On the left side of the output page, the user will be presented with a directory browser with which they can browse through their output directory. In the root of the output directory, the user will find the FASTA file used as a query (if a FASTA sequence was input), the PSI-BLAST output file, the match label file, and a directory containing genomic neighbourhoods and clinker plots for each query that resulted in PSI-BLAST matches. These directories are further subdivided into a subdirectory containing clusters of all of the non-redundant genomic nieghbourhoods, one containing redundant genomic neighbourhoods (i.e., genomic neighbourhoods that were completely identical to another), a mapping file recording the number of redundant genomic neighbourhoods represented by each non-redundant genomic neighbourhood, and subdirectories containing the genomic neighbourhoods whose match was above and below the PID threshold. These PID subdirectories are further divided into subdirectories separating the genomic neighbourhoods into those whose match is within and outside of the length threshold of the query protein. Within these subdirectories are clusters of approximately 20 genomic neighbourhoods which were plotted with clinker. Finally, at each level in the output subdirectories phylogenetic trees and pie charts are generated if 'Generate Taxonomic Data' was left checked in the optional input settings.

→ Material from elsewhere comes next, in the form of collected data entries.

lemma ex_fresh_if_similar_card:
  assumes fin: "finite Y" and eqt: "same_eq_type Y v a v' a'"
    and fresh: "insert a (v ` Y) \<subset> U" and sim: "similar_card (card Y + 2) U U'"
  shows "\<exists>b'\<in>U'. b' \<notin> insert a' (v' ` Y)"
proof (rule ccontr)
  assume "\<not> ?thesis"
  then have sub: "U' \<subseteq> insert a' (v' ` Y)" by blast
  have "card U' \<le> card (insert a' (v' ` Y))"
    using sub fin by (simp add: card_mono)
  also have "\<dots> = card (insert a (v ` Y))"
    using card_insert_image_eq_if_same_eq_type[OF fin eqt] by simp
  finally have le: "card U' \<le> card (insert a (v ` Y))" .
  from sim consider "infinite U' \<or> card Y + 2 \<le> card U'" | "finite U" "card U = card U'"
    unfolding similar_card_def card_at_least_def by blast
  then show False
  proof cases
    case 1
    moreover have "finite U'" using sub fin finite_subset by blast
    moreover have "card (insert a (v ` Y)) \<le> card Y + 1"
      using fin card_image_le[of Y v] card_insert_le_m1 by (simp add: card_insert_if)
    ultimately show False using le by linarith
  next
    case 2
    then have "card (insert a (v ` Y)) < card U" using fresh psubset_card_mono by blast
    then show False using le \<open>card U = card U'\<close> by linarith
  qed
qed

text \<open>An old element is answered by the corresponding old element, a new one by a new one.\<close>
lemma same_eq_type_extend:
  assumes fin: "finite X" and eqt: "same_eq_type X v a v' a'"
    and U: "v ` X \<subseteq> U" "a \<in> U" "b \<in> U" and U': "v' ` X \<subseteq> U'" "a' \<in> U'"
    and sim: "similar_card (card X + 2) U U'"
  shows "\<exists>b'\<in>U'. same_eq_type (insert x X) (v(x := b)) a (v'(x := b')) a'"
proof -
  define Y where "Y = X - {x}"
  have Y: "finite Y" "Y \<subseteq> X" "x \<notin> Y" "insert x X = insert x Y"
    using fin unfolding Y_def by auto
  have eqtY: "same_eq_type Y v a v' a'"
    using eqt Y(2) by (rule same_eq_type_mono)
  have "\<exists>b'\<in>U'. (\<forall>y\<in>Y. v y = b \<longleftrightarrow> v' y = b') \<and> (b = a \<longleftrightarrow> b' = a')"
  proof -
    consider (old) y where "y \<in> Y" "v y = b" | (const) "b = a" | (new) "b \<notin> insert a (v ` Y)"
      by blast
    then show ?thesis
    proof cases
      case old
      then have "v' y \<in> U'" using U' Y(2) by blast
      moreover have "(\<forall>z\<in>Y. v z = b \<longleftrightarrow> v' z = v' y) \<and> (b = a \<longleftrightarrow> v' y = a')"
        using eqtY old unfolding same_eq_type_def by metis
      ultimately show ?thesis by blast
    next
      case const
      then show ?thesis using eqtY U'(2) unfolding same_eq_type_def by blast
    next
      case new
      have "insert a (v ` Y) \<subset> U" using U Y(2) new by auto
      moreover have "card Y \<le> card X" using fin Y(2) by (rule card_mono)
      then have "similar_card (card Y + 2) U U'" by (intro similar_card_mono[OF sim]) simp
      ultimately obtain b' where "b' \<in> U'" "b' \<notin> insert a' (v' ` Y)"
        using ex_fresh_if_similar_card[OF Y(1) eqtY] by metis
      then show ?thesis using new by (intro bexI[of _ b']) auto
    qed
  qed
  then obtain b' where b': "b' \<in> U'" "\<forall>y\<in>Y. v y = b \<longleftrightarrow> v' y = b'" "b = a \<longleftrightarrow> b' = a'"
    by blast
  then have "same_eq_type (insert x Y) (v(x := b)) a (v'(x := b')) a'"
    unfolding same_eq_type_insert[OF Y(3)] using eqtY b'(2,3) by blast
  with b'(1) show ?thesis unfolding Y(4) by blast
qed

lemma at_most_constantD:
  assumes "at_most_constant Sig c"
  shows "fst Sig r = None" and "snd Sig f = Some n \<Longrightarrow> f = c \<and> n = 0"
  using assms unfolding at_most_constant_def by (metis, blast)

lemma sat_Pred_iff_if_same_eq_type:
  assumes Sig: "at_most_constant Sig c"
    and const: "snd Sig c = Some 0 \<longrightarrow> F c [] = a \<and> F' c [] = a'"
    and wf: "wf_form Sig (Pred p xs)" and fv: "set xs \<subseteq> X" and eqt: "same_eq_type X v a v' a'"
  shows "sat U I F v (Pred p xs) \<longleftrightarrow> sat U' I' F' v' (Pred p xs)"
proof (cases p)
  case (Rel r)
  then show ?thesis using wf at_most_constantD(1)[OF Sig] by simp
next
  case (FunGraph f)
  from wf obtain n where n: "snd Sig f = Some n" "length xs = Suc n"
    unfolding FunGraph by auto
  from at_most_constantD(2)[OF Sig n(1)] have "f = c" "n = 0" by auto
  with n(2) obtain x where xs: "xs = [x]" by (auto simp: length_Suc_conv)
  with fv have "x \<in> X" by simp
  with eqt have "v x = a \<longleftrightarrow> v' x = a'" unfolding same_eq_type_def by blast
  moreover have "F c [] = a" "F' c [] = a'" using const n(1) \<open>f = c\<close> \<open>n = 0\<close> by simp_all
  then have "sat U I F v (Pred p xs) \<longleftrightarrow> a = v x" "sat U' I' F' v' (Pred p xs) \<longleftrightarrow> a' = v' x"
    by (simp_all add: FunGraph xs \<open>f = c\<close>)
  ultimately show ?thesis by blast
qed

text \<open>The size bound drops by one per quantifier and still leaves, in each round, room for
  an element outside the at most \<open>card X + 1\<close> named ones.\<close>
lemma sat_iff_if_same_eq_type:
  assumes Sig: "at_most_constant Sig c"
    and const: "snd Sig c = Some 0 \<longrightarrow> F c [] = a \<and> F' c [] = a'"
    and a: "a \<in> U" "a' \<in> U'"
  shows "wf_form Sig \<phi> \<Longrightarrow> finite X \<Longrightarrow> fv \<phi> \<subseteq> X \<Longrightarrow> v ` X \<subseteq> U \<Longrightarrow> v' ` X \<subseteq> U' \<Longrightarrow>
    same_eq_type X v a v' a' \<Longrightarrow> similar_card (card X + 1 + quantifier_rank \<phi>) U U' \<Longrightarrow>
    sat U I F v \<phi> \<longleftrightarrow> sat U' I' F' v' \<phi>"
proof (induction \<phi> arbitrary: X v v')
  case (Eq x y)
  then have "x \<in> X" "y \<in> X" by auto
  with Eq.prems(6) have "v x = v y \<longleftrightarrow> v' x = v' y" unfolding same_eq_type_def by blast
  then show ?case by simp
next
  case (Pred p xs)
  then show ?case using sat_Pred_iff_if_same_eq_type[where F = F and F' = F', OF Sig const] by simp
next
  case (Neg \<phi>)
  have "sat U I F v \<phi> \<longleftrightarrow> sat U' I' F' v' \<phi>"
    by (rule Neg.IH) (use Neg.prems in simp_all)
  then show ?case by simp
next
  case (Conj \<phi> \<psi>)
  have "sat U I F v \<phi> \<longleftrightarrow> sat U' I' F' v' \<phi>"
    by (rule Conj.IH(1)) (use Conj.prems in \<open>auto elim: similar_card_mono\<close>)
  moreover have "sat U I F v \<psi> \<longleftrightarrow> sat U' I' F' v' \<psi>"
    by (rule Conj.IH(2)) (use Conj.prems in \<open>auto elim: similar_card_mono\<close>)
  ultimately show ?case by simp
next
  case (Ex x \<phi>)
  have sim_ext: "similar_card (card X + 2) U U'"
    using Ex.prems(7) by (rule similar_card_mono) simp
  have "card (insert x X) \<le> card X + 1"
    using Ex.prems(2) by (simp add: card_insert_if)
  then have sim_IH: "similar_card (card (insert x X) + 1 + quantifier_rank \<phi>) U U'"
    using Ex.prems(7) by (auto elim: similar_card_mono)
  have IH: "sat U I F (v(x := b)) \<phi> \<longleftrightarrow> sat U' I' F' (v'(x := b')) \<phi>"
    if "b \<in> U" "b' \<in> U'" "same_eq_type (insert x X) (v(x := b)) a (v'(x := b')) a'" for b b'
  proof (rule Ex.IH[OF _ _ _ _ _ that(3) sim_IH])
    show "wf_form Sig \<phi>" "finite (insert x X)" "fv \<phi> \<subseteq> insert x X"
      using Ex.prems(1-3) by auto
    show "(v(x := b)) ` insert x X \<subseteq> U" "(v'(x := b')) ` insert x X \<subseteq> U'"
      using Ex.prems(4,5) that(1,2) by auto
  qed
  have answer_right: "\<exists>b'\<in>U'. same_eq_type (insert x X) (v(x := b)) a (v'(x := b')) a'" if "b \<in> U" for b
    using same_eq_type_extend[OF Ex.prems(2,6,4) a(1) that Ex.prems(5) a(2) sim_ext] .
  have answer_left: "\<exists>b\<in>U. same_eq_type (insert x X) (v(x := b)) a (v'(x := b')) a'" if "b' \<in> U'" for b'
    using same_eq_type_extend[where x = x, OF Ex.prems(2) same_eq_type_sym[OF Ex.prems(6)] Ex.prems(5) a(2)
        that Ex.prems(4) a(1) similar_card_sym[OF sim_ext]] by (metis same_eq_type_sym)
  show ?case
  proof
    assume "sat U I F v (Ex x \<phi>)"
    then obtain b where "b \<in> U" "sat U I F (v(x := b)) \<phi>" by auto
    moreover from answer_right[OF this(1)] obtain b' where
      "b' \<in> U'" "same_eq_type (insert x X) (v(x := b)) a (v'(x := b')) a'" by blast
    ultimately show "sat U' I' F' v' (Ex x \<phi>)" using IH by auto
  next
    assume "sat U' I' F' v' (Ex x \<phi>)"
    then obtain b' where "b' \<in> U'" "sat U' I' F' (v'(x := b')) \<phi>" by auto
    moreover from answer_left[OF this(1)] obtain b where
      "b \<in> U" "same_eq_type (insert x X) (v(x := b)) a (v'(x := b')) a'" by blast
    ultimately show "sat U I F v (Ex x \<phi>)" using IH by auto
  qed
qed

section \<open>Counting sentences and infinitely many theories\<close>

fun distinct_from :: "nat \<Rightarrow> nat \<Rightarrow> 'p form" where
  "distinct_from m 0 = Eq m m"
| "distinct_from m (Suc j) = Conj (distinct_from m j) (Neg (Eq m j))"

text \<open>There are \<open>k\<close> elements distinct from the values of \<open>x\<^sub>0, \<dots>, x\<^bsub>m-1\<^esub>\<close>; they are
  bound to \<open>x\<^sub>m, \<dots>, x\<^bsub>m+k-1\<^esub>\<close>. The base case is the closed sentence \<open>\<forall>x\<^sub>m. x\<^sub>m = x\<^sub>m\<close>.\<close>
fun at_least_from :: "nat \<Rightarrow> nat \<Rightarrow> 'p form" where
  "at_least_from m 0 = Neg (Ex m (Neg (Eq m m)))"
| "at_least_from m (Suc k) = Ex m (Conj (distinct_from m m) (at_least_from (Suc m) k))"

abbreviation at_least :: "nat \<Rightarrow> 'p form" where
  "at_least k \<equiv> at_least_from 0 k"

lemma sat_distinct_from: "sat U I F v (distinct_from m j) \<longleftrightarrow> (\<forall>i<j. v m \<noteq> v i)"
  by (induction j) (auto simp: less_Suc_eq)

lemma ex_subset_card_Suc_iff:
  "(\<exists>S \<subseteq> U - A. finite S \<and> card S = Suc k) \<longleftrightarrow>
   (\<exists>b\<in>U - A. \<exists>S \<subseteq> U - insert b A. finite S \<and> card S = k)"
proof
  assume "\<exists>S \<subseteq> U - A. finite S \<and> card S = Suc k"
  then obtain S where S: "S \<subseteq> U - A" "finite S" "card S = Suc k" by blast
  then obtain b where "b \<in> S" by fastforce
  with S show "\<exists>b\<in>U - A. \<exists>S \<subseteq> U - insert b A. finite S \<and> card S = k"
    by (intro bexI[of _ b] exI[of _ "S - {b}"]) auto
next
  assume "\<exists>b\<in>U - A. \<exists>S \<subseteq> U - insert b A. finite S \<and> card S = k"
  then obtain b S where "b \<in> U - A" "S \<subseteq> U - insert b A" "finite S" "card S = k" by blast
  moreover from this have "b \<notin> S" by blast
  ultimately show "\<exists>S \<subseteq> U - A. finite S \<and> card S = Suc k"
    by (intro exI[of _ "insert b S"]) auto
qed

lemma sat_at_least_from:
  "sat U I F v (at_least_from m k) \<longleftrightarrow> (\<exists>S \<subseteq> U - v ` {..<m}. finite S \<and> card S = k)"
proof (induction k arbitrary: m v)
  case 0
  have "\<exists>S \<subseteq> U - v ` {..<m}. finite S \<and> card S = 0" by (intro exI[of _ "{}"]) simp
  then show ?case by simp
next
  case (Suc k)
  have image_upd: "(v(m := b)) ` {..<Suc m} = insert b (v ` {..<m})" for b
    by (auto simp: lessThan_Suc)
  have "sat U I F v (at_least_from m (Suc k)) \<longleftrightarrow>
      (\<exists>b\<in>U. (\<forall>i<m. b \<noteq> v i) \<and> sat U I F (v(m := b)) (at_least_from (Suc m) k))"
    by (simp add: sat_distinct_from)
  also have "\<dots> \<longleftrightarrow> (\<exists>b\<in>U - v ` {..<m}. \<exists>S \<subseteq> U - insert b (v ` {..<m}). finite S \<and> card S = k)"
    unfolding Suc image_upd by blast
  also have "\<dots> \<longleftrightarrow> (\<exists>S \<subseteq> U - v ` {..<m}. finite S \<and> card S = Suc k)"
    by (rule ex_subset_card_Suc_iff[symmetric])
  finally show ?case .
qed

When a file is selected in the directory browser, it will be opened in the right side of the output screen, where it can be downloaded or closed using the buttons on the right side of the file header. Furthermore, the entire output directory retrieved by the job ID may be downloaded using the button at the top of the directory browser.
Note that the .html clinker plots are most responsive on Google Chrome. If you are having problems loading/interacting with these plots, try using Chrome.